(Stored data entries)
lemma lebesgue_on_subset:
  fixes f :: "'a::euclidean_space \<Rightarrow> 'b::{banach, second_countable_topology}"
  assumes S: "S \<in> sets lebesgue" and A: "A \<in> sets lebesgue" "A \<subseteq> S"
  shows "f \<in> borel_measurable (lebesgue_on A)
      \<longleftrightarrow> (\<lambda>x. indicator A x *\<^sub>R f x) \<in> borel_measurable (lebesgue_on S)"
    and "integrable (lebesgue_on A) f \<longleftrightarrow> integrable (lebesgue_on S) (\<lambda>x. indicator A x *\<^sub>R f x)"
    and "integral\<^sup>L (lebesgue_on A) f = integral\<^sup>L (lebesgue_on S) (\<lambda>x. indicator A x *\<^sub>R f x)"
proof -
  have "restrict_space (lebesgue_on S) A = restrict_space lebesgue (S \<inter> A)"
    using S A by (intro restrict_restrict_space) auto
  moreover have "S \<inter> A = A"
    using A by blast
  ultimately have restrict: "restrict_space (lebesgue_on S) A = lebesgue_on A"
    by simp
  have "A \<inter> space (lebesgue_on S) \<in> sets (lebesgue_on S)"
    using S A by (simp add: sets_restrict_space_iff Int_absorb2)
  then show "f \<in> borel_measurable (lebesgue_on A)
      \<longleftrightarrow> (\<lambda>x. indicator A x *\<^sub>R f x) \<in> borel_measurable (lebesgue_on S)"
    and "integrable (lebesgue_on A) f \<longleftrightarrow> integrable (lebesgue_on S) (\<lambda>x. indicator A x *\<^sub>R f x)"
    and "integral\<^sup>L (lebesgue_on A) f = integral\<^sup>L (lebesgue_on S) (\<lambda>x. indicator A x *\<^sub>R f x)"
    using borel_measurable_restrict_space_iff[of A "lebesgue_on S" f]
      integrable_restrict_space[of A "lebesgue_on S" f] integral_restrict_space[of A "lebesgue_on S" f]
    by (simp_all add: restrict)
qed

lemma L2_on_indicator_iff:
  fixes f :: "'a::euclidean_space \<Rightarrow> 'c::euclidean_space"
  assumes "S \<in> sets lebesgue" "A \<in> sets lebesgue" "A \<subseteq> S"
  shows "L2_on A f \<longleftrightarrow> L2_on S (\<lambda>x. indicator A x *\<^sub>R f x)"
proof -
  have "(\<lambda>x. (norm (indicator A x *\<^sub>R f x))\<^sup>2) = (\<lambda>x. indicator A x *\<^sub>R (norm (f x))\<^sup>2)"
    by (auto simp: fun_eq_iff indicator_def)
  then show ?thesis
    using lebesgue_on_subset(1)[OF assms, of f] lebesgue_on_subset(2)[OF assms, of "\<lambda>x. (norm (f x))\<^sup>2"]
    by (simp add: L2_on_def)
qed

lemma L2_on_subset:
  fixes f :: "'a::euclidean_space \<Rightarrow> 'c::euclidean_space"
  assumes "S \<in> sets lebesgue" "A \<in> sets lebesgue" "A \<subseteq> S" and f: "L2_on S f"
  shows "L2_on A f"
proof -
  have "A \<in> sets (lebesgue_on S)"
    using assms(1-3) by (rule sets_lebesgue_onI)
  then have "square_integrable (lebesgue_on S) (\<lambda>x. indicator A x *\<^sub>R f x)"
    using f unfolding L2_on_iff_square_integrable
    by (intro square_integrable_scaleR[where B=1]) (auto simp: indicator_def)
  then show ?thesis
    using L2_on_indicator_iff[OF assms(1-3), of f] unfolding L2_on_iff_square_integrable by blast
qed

* * *

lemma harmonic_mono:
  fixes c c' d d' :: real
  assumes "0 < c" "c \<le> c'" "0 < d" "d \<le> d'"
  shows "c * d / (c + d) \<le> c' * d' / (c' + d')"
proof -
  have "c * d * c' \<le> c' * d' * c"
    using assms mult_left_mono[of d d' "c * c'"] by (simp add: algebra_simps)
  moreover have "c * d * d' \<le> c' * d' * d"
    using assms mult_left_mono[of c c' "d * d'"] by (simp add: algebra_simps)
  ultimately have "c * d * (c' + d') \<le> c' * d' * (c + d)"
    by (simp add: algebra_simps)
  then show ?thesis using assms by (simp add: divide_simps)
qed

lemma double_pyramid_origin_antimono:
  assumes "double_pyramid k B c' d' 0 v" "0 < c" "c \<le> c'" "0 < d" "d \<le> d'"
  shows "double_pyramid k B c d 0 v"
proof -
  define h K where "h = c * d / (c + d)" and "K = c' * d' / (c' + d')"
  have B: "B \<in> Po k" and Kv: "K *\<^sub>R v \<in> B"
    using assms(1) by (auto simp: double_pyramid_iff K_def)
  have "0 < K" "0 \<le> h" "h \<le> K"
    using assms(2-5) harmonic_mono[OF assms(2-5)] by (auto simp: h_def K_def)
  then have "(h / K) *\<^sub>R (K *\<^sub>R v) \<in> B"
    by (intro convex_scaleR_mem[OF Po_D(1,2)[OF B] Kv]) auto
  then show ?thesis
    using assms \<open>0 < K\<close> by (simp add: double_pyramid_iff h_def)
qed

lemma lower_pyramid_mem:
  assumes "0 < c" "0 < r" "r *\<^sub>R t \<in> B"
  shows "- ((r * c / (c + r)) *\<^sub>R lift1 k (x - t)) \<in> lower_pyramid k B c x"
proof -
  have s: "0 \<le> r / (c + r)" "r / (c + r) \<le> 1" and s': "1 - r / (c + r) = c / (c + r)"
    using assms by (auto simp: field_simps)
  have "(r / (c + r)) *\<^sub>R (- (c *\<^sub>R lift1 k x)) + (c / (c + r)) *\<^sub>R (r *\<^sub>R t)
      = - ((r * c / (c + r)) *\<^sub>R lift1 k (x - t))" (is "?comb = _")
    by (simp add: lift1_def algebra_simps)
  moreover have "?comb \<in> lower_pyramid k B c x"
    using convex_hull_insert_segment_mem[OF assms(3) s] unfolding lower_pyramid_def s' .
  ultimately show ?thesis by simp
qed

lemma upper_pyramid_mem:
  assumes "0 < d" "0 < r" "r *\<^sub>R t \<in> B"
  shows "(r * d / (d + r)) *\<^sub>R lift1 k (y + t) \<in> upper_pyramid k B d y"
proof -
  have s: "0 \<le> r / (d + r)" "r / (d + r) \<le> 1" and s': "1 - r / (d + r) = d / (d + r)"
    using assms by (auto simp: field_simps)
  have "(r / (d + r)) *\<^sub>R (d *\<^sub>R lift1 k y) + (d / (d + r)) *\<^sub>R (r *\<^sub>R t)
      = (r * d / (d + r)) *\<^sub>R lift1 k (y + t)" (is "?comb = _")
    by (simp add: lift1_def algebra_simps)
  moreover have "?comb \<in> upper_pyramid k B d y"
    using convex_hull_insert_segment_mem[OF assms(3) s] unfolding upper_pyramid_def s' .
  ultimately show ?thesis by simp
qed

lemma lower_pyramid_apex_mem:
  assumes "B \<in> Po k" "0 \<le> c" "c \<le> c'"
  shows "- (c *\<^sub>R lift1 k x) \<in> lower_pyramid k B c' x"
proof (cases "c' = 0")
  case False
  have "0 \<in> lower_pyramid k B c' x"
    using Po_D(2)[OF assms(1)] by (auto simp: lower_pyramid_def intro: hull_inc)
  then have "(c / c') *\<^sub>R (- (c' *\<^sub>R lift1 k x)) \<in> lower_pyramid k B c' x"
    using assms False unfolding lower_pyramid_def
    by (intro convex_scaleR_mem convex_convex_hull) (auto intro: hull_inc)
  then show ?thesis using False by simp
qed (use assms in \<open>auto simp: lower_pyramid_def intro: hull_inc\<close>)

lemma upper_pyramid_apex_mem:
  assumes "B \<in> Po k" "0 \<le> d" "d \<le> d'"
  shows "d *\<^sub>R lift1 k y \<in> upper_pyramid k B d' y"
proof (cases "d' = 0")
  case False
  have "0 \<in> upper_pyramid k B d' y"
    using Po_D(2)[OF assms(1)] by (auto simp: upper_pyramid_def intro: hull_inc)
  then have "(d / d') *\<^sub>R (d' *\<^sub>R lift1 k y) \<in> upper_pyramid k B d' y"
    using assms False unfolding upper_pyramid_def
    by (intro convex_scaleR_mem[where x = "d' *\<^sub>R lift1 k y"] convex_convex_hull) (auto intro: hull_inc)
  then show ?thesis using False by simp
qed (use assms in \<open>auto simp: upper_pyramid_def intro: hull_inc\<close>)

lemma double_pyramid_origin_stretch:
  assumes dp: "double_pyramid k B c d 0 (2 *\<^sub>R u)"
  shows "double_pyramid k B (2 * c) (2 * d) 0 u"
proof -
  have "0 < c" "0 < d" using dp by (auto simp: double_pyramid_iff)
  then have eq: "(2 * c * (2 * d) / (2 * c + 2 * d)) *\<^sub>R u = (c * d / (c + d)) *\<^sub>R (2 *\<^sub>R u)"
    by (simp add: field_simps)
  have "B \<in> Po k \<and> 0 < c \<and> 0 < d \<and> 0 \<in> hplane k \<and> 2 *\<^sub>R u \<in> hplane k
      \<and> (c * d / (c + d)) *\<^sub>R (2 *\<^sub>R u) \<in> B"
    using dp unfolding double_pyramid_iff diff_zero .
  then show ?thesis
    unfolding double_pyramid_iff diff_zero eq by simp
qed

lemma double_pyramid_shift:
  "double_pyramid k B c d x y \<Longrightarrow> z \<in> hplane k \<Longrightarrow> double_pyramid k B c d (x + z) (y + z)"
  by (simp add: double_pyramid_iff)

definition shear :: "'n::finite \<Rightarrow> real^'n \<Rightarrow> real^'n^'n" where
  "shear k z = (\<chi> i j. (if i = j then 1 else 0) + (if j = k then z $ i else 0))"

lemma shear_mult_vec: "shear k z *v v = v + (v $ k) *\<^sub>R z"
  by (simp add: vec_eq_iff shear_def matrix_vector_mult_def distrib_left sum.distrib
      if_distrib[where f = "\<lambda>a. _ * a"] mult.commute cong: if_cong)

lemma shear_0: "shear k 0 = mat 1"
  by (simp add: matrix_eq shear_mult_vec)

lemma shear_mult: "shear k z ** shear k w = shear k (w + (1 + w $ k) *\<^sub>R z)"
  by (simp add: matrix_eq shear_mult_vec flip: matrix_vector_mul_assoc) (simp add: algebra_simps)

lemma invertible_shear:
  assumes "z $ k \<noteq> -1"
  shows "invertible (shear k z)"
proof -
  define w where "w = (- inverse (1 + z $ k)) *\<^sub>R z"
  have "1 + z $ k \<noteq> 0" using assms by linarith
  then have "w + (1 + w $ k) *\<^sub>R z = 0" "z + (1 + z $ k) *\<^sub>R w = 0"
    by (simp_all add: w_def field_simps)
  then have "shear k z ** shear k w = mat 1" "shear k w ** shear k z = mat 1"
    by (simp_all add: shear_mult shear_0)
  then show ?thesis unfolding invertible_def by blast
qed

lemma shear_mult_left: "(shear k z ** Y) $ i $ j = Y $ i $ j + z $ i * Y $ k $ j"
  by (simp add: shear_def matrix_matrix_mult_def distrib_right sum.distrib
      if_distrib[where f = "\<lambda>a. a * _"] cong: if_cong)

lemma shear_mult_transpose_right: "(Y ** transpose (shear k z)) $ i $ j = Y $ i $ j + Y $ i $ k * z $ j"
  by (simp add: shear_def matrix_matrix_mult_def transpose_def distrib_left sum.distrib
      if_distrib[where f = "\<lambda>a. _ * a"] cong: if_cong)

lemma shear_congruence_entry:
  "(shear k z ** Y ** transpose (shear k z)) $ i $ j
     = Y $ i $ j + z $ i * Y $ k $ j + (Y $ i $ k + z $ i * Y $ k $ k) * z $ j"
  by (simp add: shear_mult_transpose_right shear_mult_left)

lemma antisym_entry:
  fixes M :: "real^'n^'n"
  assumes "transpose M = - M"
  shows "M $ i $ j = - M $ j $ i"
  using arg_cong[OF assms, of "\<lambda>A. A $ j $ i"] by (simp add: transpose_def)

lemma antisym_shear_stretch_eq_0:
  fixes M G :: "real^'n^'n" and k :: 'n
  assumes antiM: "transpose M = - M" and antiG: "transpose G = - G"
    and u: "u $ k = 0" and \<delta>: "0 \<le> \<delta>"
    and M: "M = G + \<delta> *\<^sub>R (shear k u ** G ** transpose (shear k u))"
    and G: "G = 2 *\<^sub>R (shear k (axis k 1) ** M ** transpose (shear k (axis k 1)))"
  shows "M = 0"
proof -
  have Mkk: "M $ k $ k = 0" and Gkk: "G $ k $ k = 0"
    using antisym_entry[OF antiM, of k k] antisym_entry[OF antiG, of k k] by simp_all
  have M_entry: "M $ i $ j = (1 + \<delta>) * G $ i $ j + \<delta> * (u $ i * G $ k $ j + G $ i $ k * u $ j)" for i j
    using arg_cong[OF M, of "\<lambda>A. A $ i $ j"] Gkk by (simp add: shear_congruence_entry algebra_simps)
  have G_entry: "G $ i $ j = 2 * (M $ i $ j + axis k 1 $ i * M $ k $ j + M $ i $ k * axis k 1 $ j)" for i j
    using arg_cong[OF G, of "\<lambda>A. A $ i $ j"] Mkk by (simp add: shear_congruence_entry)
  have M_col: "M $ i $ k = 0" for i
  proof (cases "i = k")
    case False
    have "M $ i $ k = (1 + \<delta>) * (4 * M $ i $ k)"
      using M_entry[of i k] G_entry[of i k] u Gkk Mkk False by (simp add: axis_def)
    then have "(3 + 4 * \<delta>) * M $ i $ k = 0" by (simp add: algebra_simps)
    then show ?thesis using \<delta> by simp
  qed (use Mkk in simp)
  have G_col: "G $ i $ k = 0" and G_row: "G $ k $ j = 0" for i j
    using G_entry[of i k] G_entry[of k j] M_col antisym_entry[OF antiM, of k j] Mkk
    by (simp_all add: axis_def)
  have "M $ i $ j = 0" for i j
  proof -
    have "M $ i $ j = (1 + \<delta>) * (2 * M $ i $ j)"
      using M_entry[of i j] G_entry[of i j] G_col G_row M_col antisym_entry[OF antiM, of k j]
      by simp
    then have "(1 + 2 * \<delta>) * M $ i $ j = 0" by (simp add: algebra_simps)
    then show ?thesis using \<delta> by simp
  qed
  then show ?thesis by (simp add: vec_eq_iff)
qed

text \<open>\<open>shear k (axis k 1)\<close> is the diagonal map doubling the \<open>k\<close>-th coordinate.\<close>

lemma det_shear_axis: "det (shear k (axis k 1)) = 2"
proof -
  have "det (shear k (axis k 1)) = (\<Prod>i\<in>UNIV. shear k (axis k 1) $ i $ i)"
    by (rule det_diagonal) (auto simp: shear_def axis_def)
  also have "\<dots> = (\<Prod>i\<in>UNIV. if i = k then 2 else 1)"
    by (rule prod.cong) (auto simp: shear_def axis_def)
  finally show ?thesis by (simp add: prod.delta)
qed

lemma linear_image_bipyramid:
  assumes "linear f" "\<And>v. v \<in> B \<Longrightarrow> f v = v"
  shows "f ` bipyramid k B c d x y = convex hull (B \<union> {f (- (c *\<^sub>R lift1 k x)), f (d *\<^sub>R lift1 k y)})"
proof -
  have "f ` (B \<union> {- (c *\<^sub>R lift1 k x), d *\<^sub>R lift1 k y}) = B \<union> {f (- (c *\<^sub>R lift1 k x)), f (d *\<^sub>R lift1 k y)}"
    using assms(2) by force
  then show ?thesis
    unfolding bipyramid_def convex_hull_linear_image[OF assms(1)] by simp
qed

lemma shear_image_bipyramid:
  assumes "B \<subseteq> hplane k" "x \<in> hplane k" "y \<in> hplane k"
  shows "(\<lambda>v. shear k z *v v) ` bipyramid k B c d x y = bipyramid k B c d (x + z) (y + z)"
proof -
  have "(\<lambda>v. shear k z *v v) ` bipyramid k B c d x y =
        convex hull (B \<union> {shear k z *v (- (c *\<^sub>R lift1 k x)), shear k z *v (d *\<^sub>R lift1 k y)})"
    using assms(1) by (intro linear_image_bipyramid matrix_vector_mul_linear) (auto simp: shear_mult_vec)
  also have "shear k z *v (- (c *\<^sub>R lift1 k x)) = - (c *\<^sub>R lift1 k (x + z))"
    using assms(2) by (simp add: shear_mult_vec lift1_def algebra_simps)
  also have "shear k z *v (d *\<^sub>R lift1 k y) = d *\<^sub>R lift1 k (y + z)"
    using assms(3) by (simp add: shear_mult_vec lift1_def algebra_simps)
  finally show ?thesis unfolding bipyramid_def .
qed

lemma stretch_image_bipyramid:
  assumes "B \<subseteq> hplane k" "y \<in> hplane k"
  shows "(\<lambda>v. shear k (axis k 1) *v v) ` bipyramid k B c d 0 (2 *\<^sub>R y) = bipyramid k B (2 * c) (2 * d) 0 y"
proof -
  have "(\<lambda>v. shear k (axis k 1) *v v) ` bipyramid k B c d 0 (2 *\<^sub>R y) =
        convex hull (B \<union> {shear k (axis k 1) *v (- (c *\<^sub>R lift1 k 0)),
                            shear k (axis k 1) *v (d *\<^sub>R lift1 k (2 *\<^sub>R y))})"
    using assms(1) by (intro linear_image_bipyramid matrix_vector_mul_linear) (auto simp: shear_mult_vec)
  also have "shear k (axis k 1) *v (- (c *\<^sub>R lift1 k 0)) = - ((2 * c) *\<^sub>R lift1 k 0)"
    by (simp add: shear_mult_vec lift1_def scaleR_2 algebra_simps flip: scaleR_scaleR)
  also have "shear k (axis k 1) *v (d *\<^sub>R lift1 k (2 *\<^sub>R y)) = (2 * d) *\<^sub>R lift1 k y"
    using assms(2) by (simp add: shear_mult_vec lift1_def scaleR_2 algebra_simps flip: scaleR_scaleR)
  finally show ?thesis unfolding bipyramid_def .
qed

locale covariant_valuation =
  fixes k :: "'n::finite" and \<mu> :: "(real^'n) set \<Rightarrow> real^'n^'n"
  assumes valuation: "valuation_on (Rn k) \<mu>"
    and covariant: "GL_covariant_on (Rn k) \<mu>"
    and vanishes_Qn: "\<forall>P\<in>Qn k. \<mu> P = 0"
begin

## Assigned task
Among the records above, find the lines that contain "also" and copy every one.

## Finished exercise
  also have "\<dots> = (\<Prod>i\<in>UNIV. if i = k then 2 else 1)"
  also have "shear k z *v (- (c *\<^sub>R lift1 k x)) = - (c *\<^sub>R lift1 k (x + z))"
  also have "shear k z *v (d *\<^sub>R lift1 k y) = d *\<^sub>R lift1 k (y + z)"
  also have "shear k (axis k 1) *v (- (c *\<^sub>R lift1 k 0)) = - ((2 * c) *\<^sub>R lift1 k 0)"
  also have "shear k (axis k 1) *v (d *\<^sub>R lift1 k (2 *\<^sub>R y)) = (2 * d) *\<^sub>R lift1 k y"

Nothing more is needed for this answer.